McLaren F1 LM

’S WERELDS SNELSTE IS NU NOG SNELLER

Als een eerbetoon aan de eigen (en geweldige) overwinning op Le Mans heeft McLaren een speciale versie van de F1 ontwikkeld. Dat hij nog sneller is dan de gewone F1 spreekt voor zich. McLaren claimt een topsnelheid van niet minder dan 360 km/h. De auto draagt het insigne LM, voor Le Mans. Hij wordt ultra-zeldzaam: McLaren heeft aangekondigd er slechts vijf te zullen bouwen.
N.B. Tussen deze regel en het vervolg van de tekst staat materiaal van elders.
(* $\mathfrak{s}\leq\mathrm{non}^{*}(\mathrm{tr}(\mathcal{N}))\leq\mathrm{non}^{*}(\mathcal{Z})$.
   Context: $\mathfrak{s}$ is the splitting number. $\mathcal{N}$ is the ideal of Lebesgue null subsets of $2^\omega$; $\mathrm{tr}(\mathcal{N})$ is the ideal on $2^{<\omega}$ of those $A$ with $\{x\in2^{\omega}:x|_{n}\in A$ for infinitely many $n\}\in\mathcal{N}$. $\mathcal{Z}$ is the density zero ideal on $\omega$: $A\in\mathcal{Z}$ iff $\lim_n|A\cap n|/n=0$. For an ideal $\mathcal{J}$ on a countable set $X$, $\mathrm{non}^*(\mathcal{J})=\min\{|\mathcal{F}|:\mathcal{F}\subseteq[X]^{\omega}$ and for every $Y\in\mathcal{J}$ there is $F\in\mathcal{F}$ with $F\cap Y$ finite$\}$. *)

theory Defs
  imports "HOL-Probability.Probability" "HOL-Library.Equipollence"
begin

text \<open>Cantor space 2^omega as nat => bool, with the fair coin-flipping product measure
  (the standard Lebesgue measure on 2^omega).\<close>
definition cantor_measure :: "(nat \<Rightarrow> bool) measure" where
  "cantor_measure = (\<Pi>\<^sub>M i\<in>(UNIV::nat set). measure_pmf (pmf_of_set (UNIV::bool set)))"

definition lebesgue_null :: "(nat \<Rightarrow> bool) set set" where
  "lebesgue_null = {A. \<exists>B \<in> null_sets cantor_measure. A \<subseteq> B}"

definition restr :: "(nat \<Rightarrow> bool) \<Rightarrow> nat \<Rightarrow> bool list" where
  "restr x n = map x [0..<n]"

definition trN :: "bool list set set" where
  "trN = {A. {x. \<exists>\<^sub>\<infinity> n. restr x n \<in> A} \<in> lebesgue_null}"

definition densZ :: "nat set set" where
  "densZ = {A. (\<lambda>n. real (card (A \<inter> {..<n})) / real n) \<longlonglongrightarrow> 0}"

text \<open>F witnesses non*(J) for an ideal J on the countable set UNIV :: 'a set.\<close>
definition non_star_family :: "'a set set \<Rightarrow> 'a set set \<Rightarrow> bool" where
  "non_star_family J F \<longleftrightarrow> (\<forall>X\<in>F. infinite X) \<and> (\<forall>Y\<in>J. \<exists>X\<in>F. finite (X \<inter> Y))"

definition splitting_family :: "nat set set \<Rightarrow> bool" where
  "splitting_family S \<longleftrightarrow>
     (\<forall>A. infinite A \<longrightarrow> (\<exists>X\<in>S. infinite (A \<inter> X) \<and> infinite (A - X)))"

end

theory Submission
  imports Defs
begin

text \<open>
  s \<le> non*(tr(N)): for infinite A = {a_0 < a_1 < ...}, the strings whose length lies in
  [a_2j, a_2j+2) and which are constant on a_j, ..., a_2j-1 form a set in tr(N) by Borel-Cantelli,
  as a random branch is constant on j given places with probability 2^(1-j). Hence some member X
  of a non*(tr(N)) family meets this set finitely. Attach to X a branch x through infinitely many
  elements of X and a partition of \<omega> into intervals so long that every x|b has an extension in X
  ending before the second cut after b. Then {n. x n} or the union of the even intervals splits A.
  Otherwise x is eventually constant on A; and if the shortest extension of x|a_i in X always
  reached a_i+1, then A would advance by at most one interval at a time and meet even and odd
  intervals infinitely often. So infinitely often that extension ends before a_i+1; it then lies
  in the set above, and these extensions are unboundedly long.

  non*(tr(N)) \<le> non*(Z): number the strings of length n by 2^n - 1, ..., 2^(n+1) - 2. A set in
  tr(N) has o(2^n) elements of length n, so its image has density zero, and the preimages of a
  non*(Z) family form a non*(tr(N)) family.
\<close>

section \<open>The Cantor measure of sets of restrictions\<close>

lemma prob_space_cantor_measure: "prob_space cantor_measure"
  unfolding cantor_measure_def by (rule prob_space_PiM) (rule prob_space_measure_pmf)

lemma cantor_cylinder_eq_prod_emb:
  "{x. \<forall>i\<in>W. x i = v i} =
     prod_emb UNIV (\<lambda>_. measure_pmf (pmf_of_set UNIV)) W (\<Pi>\<^sub>E i\<in>W. {v i})"
  by (auto simp: prod_emb_def space_PiM PiE_iff)

lemma sets_cantor_cylinder:
  "finite W \<Longrightarrow> {x. \<forall>i\<in>W. x i = v i} \<in> sets cantor_measure"
  unfolding cantor_cylinder_eq_prod_emb cantor_measure_def by (intro sets_PiM_I) auto

lemma measure_cantor_cylinder:
  assumes "finite W"
  shows "measure cantor_measure {x. \<forall>i\<in>W. x i = v i} = (1/2) ^ card W"
proof -
  interpret product_prob_space "\<lambda>_::nat. measure_pmf (pmf_of_set (UNIV :: bool set))" UNIV
    by unfold_locales
  have "emeasure cantor_measure {x. \<forall>i\<in>W. x i = v i} = (\<Prod>i\<in>W. ennreal (1/2))"
    unfolding cantor_cylinder_eq_prod_emb cantor_measure_def
    using assms by (simp add: emeasure_PiM_emb emeasure_pmf_single del: ennreal_1 ennreal_numeral)
  also have "\<dots> = ennreal ((1/2) ^ card W)"
    by (subst prod_ennreal) simp_all
  finally show ?thesis
    by (simp add: measure_def)
qed

lemma length_restr [simp]: "length (restr x n) = n"
  by (simp add: restr_def)

lemma nth_restr [simp]: "i < n \<Longrightarrow> restr x n ! i = x i"
  by (simp add: restr_def)

lemma restr_eq_iff: "restr x n = s \<longleftrightarrow> length s = n \<and> (\<forall>i<n. x i = s ! i)"
  by (auto simp: list_eq_iff_nth_eq)

definition level :: "'a list set \<Rightarrow> nat \<Rightarrow> 'a list set" where
  "level Y n = {s \<in> Y. length s = n}"

lemma finite_level: "finite (level (Y :: 'a::finite list set) n)"
  by (rule finite_subset[OF _ finite_lists_length_eq[of UNIV n]]) (auto simp: level_def)

lemma restr_eq_cylinder:
  "length s = n \<Longrightarrow> {x. restr x n = s} = {x. \<forall>i\<in>{..<n}. x i = s ! i}"
  by (auto simp: restr_eq_iff)

lemma sets_restr_eq: "{x. restr x n = s} \<in> sets cantor_measure"
proof (cases "length s = n")
  case False
  then have "{x. restr x n = s} = {}"
    by auto
  then show ?thesis
    by simp
qed (simp add: restr_eq_cylinder sets_cantor_cylinder)

lemma measure_restr_eq: "length s = n \<Longrightarrow> measure cantor_measure {x. restr x n = s} = (1/2) ^ n"
  by (simp add: restr_eq_cylinder measure_cantor_cylinder)

lemma restr_vimage_eq_UN: "{x. restr x n \<in> Y} = (\<Union>s\<in>level Y n. {x. restr x n = s})"
  by (auto simp: level_def)

lemma sets_restr_vimage: "{x. restr x n \<in> Y} \<in> sets cantor_measure"
  unfolding restr_vimage_eq_UN by (intro sets.finite_UN finite_level ballI sets_restr_eq)

lemma measure_restr_vimage:
  "measure cantor_measure {x. restr x n \<in> Y} = card (level Y n) / 2 ^ n"
proof -
  interpret prob_space cantor_measure
    by (rule prob_space_cantor_measure)
  have "measure cantor_measure {x. restr x n \<in> Y} = (\<Sum>s\<in>level Y n. (1/2) ^ n)"
    unfolding restr_vimage_eq_UN
    using finite_level[of Y n] by (subst finite_measure_finite_Union)
       (auto simp: disjoint_family_on_def sets_restr_eq measure_restr_eq level_def)
  then show ?thesis
    by (simp add: power_one_over)
qed

lemma trN_level_ratio_tendsto_0:
  assumes "Y \<in> trN"
  shows "(\<lambda>n. card (level Y n) / 2 ^ n) \<longlonglongrightarrow> 0"
proof -
  interpret prob_space cantor_measure
    by (rule prob_space_cantor_measure)
  obtain B where B: "B \<in> null_sets cantor_measure" "{x. \<exists>\<^sub>\<infinity>n. restr x n \<in> Y} \<subseteq> B"
    using assms unfolding trN_def lebesgue_null_def by auto
  define U where "U m = (\<Union>n\<in>{m..}. {x. restr x n \<in> Y})" for m
  have sets_U: "U m \<in> sets cantor_measure" for m
    unfolding U_def using sets_restr_vimage by blast
  have "decseq U"
    unfolding decseq_def U_def by (intro allI impI UN_mono) auto
  then have "(\<lambda>m. measure cantor_measure (U m)) \<longlonglongrightarrow> measure cantor_measure (\<Inter>m. U m)"
    using sets_U by (intro finite_Lim_measure_decseq) auto
  moreover have "(\<Inter>m. U m) \<subseteq> {x. \<exists>\<^sub>\<infinity>n. restr x n \<in> Y}"
    unfolding U_def INFM_nat_le by auto
  then have "(\<Inter>m. U m) \<subseteq> B"
    using B(2) by (rule order_trans)
  then have "(\<Inter>m. U m) \<in> null_sets cantor_measure"
    using sets_U by (intro null_sets_subset[OF B(1)]) auto
  then have "measure cantor_measure (\<Inter>m. U m) = 0"
    by (rule measure_eq_0_null_sets)
  ultimately have lim_U: "(\<lambda>m. measure cantor_measure (U m)) \<longlonglongrightarrow> 0"
    by simp
  have "measure cantor_measure {x. restr x n \<in> Y} \<le> measure cantor_measure (U n)" for n
    using sets_U by (intro finite_measure_mono) (auto simp: U_def)
  then show ?thesis
    unfolding measure_restr_vimage[symmetric]
    by (intro tendsto_sandwich[OF _ _ tendsto_const lim_U] always_eventually allI) auto
qed

section \<open>Coding strings by numbers\<close>

definition level_code :: "bool list \<Rightarrow> nat" where
  "level_code s = 2 ^ length s - 1 + horner_sum of_bool 2 s"

lemma level_code_lower: "2 ^ length s - 1 \<le> level_code s"
  by (simp add: level_code_def)

lemma level_code_upper: "level_code s < 2 ^ Suc (length s) - 1"
  using horner_sum_bound[of s, where 'a = nat] by (simp add: level_code_def)

lemma horner_sum_bool_inj:
  assumes "length s = length t" "horner_sum of_bool 2 s = (horner_sum of_bool 2 t :: nat)"
  shows "s = t"
proof -
  have "s ! n = t ! n" if "n < length s" for n
    using arg_cong[OF assms(2), of "\<lambda>m. bit m n"] that assms(1)
    by (simp add: bit_horner_sum_bit_iff)
  with assms(1) show ?thesis
    by (simp add: list_eq_iff_nth_eq)
qed

lemma inj_level_code: "inj level_code"
proof (rule injI)
  fix s t :: "bool list"
  assume eq: "level_code s = level_code t"
  have "\<not> length s < length t" if "level_code s = level_code t" for s t :: "bool list"
  proof
    assume "length s < length t"
    then have "(2::nat) ^ Suc (length s) \<le> 2 ^ length t"
      by (intro power_increasing) auto
    then show False
      using level_code_upper[of s] level_code_lower[of t] that by linarith
  qed
  with eq have "length s = length t"
    by (metis linorder_neqE_nat)
  moreover have "horner_sum of_bool 2 s = (horner_sum of_bool 2 t :: nat)"
    using eq \<open>length s = length t\<close> unfolding level_code_def by (metis add_left_cancel)
  ultimately show "s = t"
    by (rule horner_sum_bool_inj)
qed

lemma surj_level_code: "surj level_code"
proof -
  have "m \<in> range level_code" for m
  proof -
    obtain n where n: "2 ^ n \<le> m + 1" "m + 1 < 2 ^ (n + 1)"
      using ex_power_ivl1[of 2 "m + 1"] by auto
    define r where "r = m + 1 - 2 ^ n"
    have "r < 2 ^ n"
      using n by (simp add: r_def)
    then have "horner_sum of_bool 2 (map (bit r) [0..<n]) = r"
      by (simp add: horner_sum_bit_eq_take_bit take_bit_nat_eq_self_iff)
    then have "level_code (map (bit r) [0..<n]) = m"
      using n(1) by (simp add: level_code_def r_def)
    then show ?thesis
      by (metis rangeI)
  qed
  then show ?thesis
    by auto
qed

lemma bij_level_code: "bij level_code"
  by (simp add: bij_def inj_level_code surj_level_code)

lemma finite_exponents_le: "finite {j. (2::nat) ^ j \<le> N}"
  by (rule finite_subset[of _ "{..N}"]) (auto intro: order_trans[OF less_imp_le[OF less_exp]])

lemma exponents_le_eq_atMost:
  assumes "2 ^ n \<le> N" "N < 2 ^ Suc n"
  shows "{j. (2::nat) ^ j \<le> N} = {..n}"
proof -
  have "2 ^ j \<le> N \<longleftrightarrow> j \<le> n" for j
  proof
    assume "2 ^ j \<le> N"
    with assms(2) have "(2::nat) ^ j < 2 ^ Suc n"
      by linarith
    then show "j \<le> n"
      using power_strict_increasing_iff[of "2::nat" j "Suc n"] by simp
  next
    assume "j \<le> n"
    then have "(2::nat) ^ j \<le> 2 ^ n"
      by simp
    with assms(1) show "2 ^ j \<le> N"
      by linarith
  qed
  then show ?thesis
    by auto
qed

lemma card_level_code_image_less:
  fixes Y :: "bool list set"
  shows "card (level_code ` Y \<inter> {..<N}) \<le> (\<Sum>j | (2::nat) ^ j \<le> N. card (level Y j))"
proof -
  have "level_code ` Y \<inter> {..<N} \<subseteq> level_code ` (\<Union>j\<in>{j. (2::nat) ^ j \<le> N}. level Y j)"
  proof
    fix m assume "m \<in> level_code ` Y \<inter> {..<N}"
    then obtain s where s: "s \<in> Y" "m = level_code s" "level_code s < N"
      by auto
    then have "2 ^ length s \<le> N"
      using level_code_lower[of s] by (simp add: Suc_le_eq less_diff_conv2[symmetric])
    with s show "m \<in> level_code ` (\<Union>j\<in>{j. (2::nat) ^ j \<le> N}. level Y j)"
      by (auto simp: level_def)
  qed
  moreover have fin: "finite (\<Union>j\<in>{j. (2::nat) ^ j \<le> N}. level Y j)"
    by (intro finite_UN_I finite_exponents_le finite_level)
  ultimately have "card (level_code ` Y \<inter> {..<N}) \<le> card (level_code ` (\<Union>j\<in>{j. (2::nat) ^ j \<le> N}. level Y j))"
    by (intro card_mono finite_imageI)
  also have "\<dots> \<le> card (\<Union>j\<in>{j. (2::nat) ^ j \<le> N}. level Y j)"
    by (rule card_image_le[OF fin])
  also have "\<dots> \<le> (\<Sum>j | (2::nat) ^ j \<le> N. card (level Y j))"
    using finite_exponents_le by (rule card_UN_le)
  finally show ?thesis .
qed

lemma sum_powers_two_le: "(\<Sum>j | (2::nat) ^ j \<le> N. (2::real) ^ j) \<le> 2 * real N"
proof (cases "N = 0")
  case False
  then obtain n where n: "2 ^ n \<le> N" "N < 2 ^ Suc n"
    using ex_power_ivl1[of 2 N] by auto
  have "(2::real) ^ n \<le> real N"
    using n(1) by (metis of_nat_le_iff of_nat_numeral of_nat_power)
  have "(\<Sum>j | (2::nat) ^ j \<le> N. (2::real) ^ j) = (\<Sum>j\<le>n. 2 ^ j)"
    by (simp only: exponents_le_eq_atMost[OF n])
  also have "\<dots> = 2 * 2 ^ n - 1"
    by (induction n) auto
  also have "\<dots> \<le> 2 * real N"
    using \<open>2 ^ n \<le> real N\<close> by linarith
  finally show ?thesis .
qed simp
De LM is geen exacte replica van de Le Mans-overwinnaar, maar daar moeten we alleen maar blij om zijn. Voor de grote 24-uursrace waren de F1s namelijk getooid met de reglementair verplichte restrictors op de luchtinlaat. Het goede nieuws is dat deze vermogensfrustrerende barrières er bij de LM niet opzitten. Hij is dus nog sneller dan de Le Mans-racer, het grootste verschil is de acceleratie: de LM katapulteert zichzelf in krap drie seconden van 0 naar 100 km/h en binnen vijf (!) seconden is hij de 160 km/h gepasseerd. Zijn hogere vermogen en lagere gewicht maken hem, in elk geval op papier, tot een stukken spectaculairder voertuig dan de Ferrari'’ F50.
Zijn sprintvermogen heeft de LM niet alleen te danken aan de afwezigheid van de restrictors, maar ook aan het feit dat hij zo’n zestig kilo lichter is. Voor de rest zijn beide auto’s zo goed als hetzelfde: hier en daar zijn wat modificaties nodig geweest om de F1 klaar voor gebruik op straat te maken.

De F1 LM is niet alleen een eerbetoon aan de grandioze overwinning tijdens het Le Mans-debuut, maar is ook een hommage aan Bruce McLaren die niet alleen op Le Mans reed maar intensief aan de Can-Am raceserie meedeed. De wagens van Bruce wonnen tussen 1967 en 1971 niet minder dan vijf Can-Amkampioenschappen en Bruce zegevierde zelf op Le Mans in 1966 in een Fordt GT40 Mark II. Bruce liet zijn wagens bij voorkeur oranje spuiten en het is precies die kleur die McLaren voor de LM gebruikt heeft.

De reglementen voor de 24 uren van Le Mans schreven voor de F1s twee inlaatrestrictoren voor, elk met een diameter van 39,4 mm, wat als resultaat gaf dat het motorvermogen niet boven de 636 pk kwam en de topsnelheid tot 345 km/h beperkt bleef. De hier voorgestelde F1 LM heeft die beperking niet en moet volgens McLaren 668 pk onder het pedaal hebben en tot een top van 360 km/h in staat zijn. Het maximum koppel van de door BMW ontwikkelde V12 is een magistrale 705 Nm.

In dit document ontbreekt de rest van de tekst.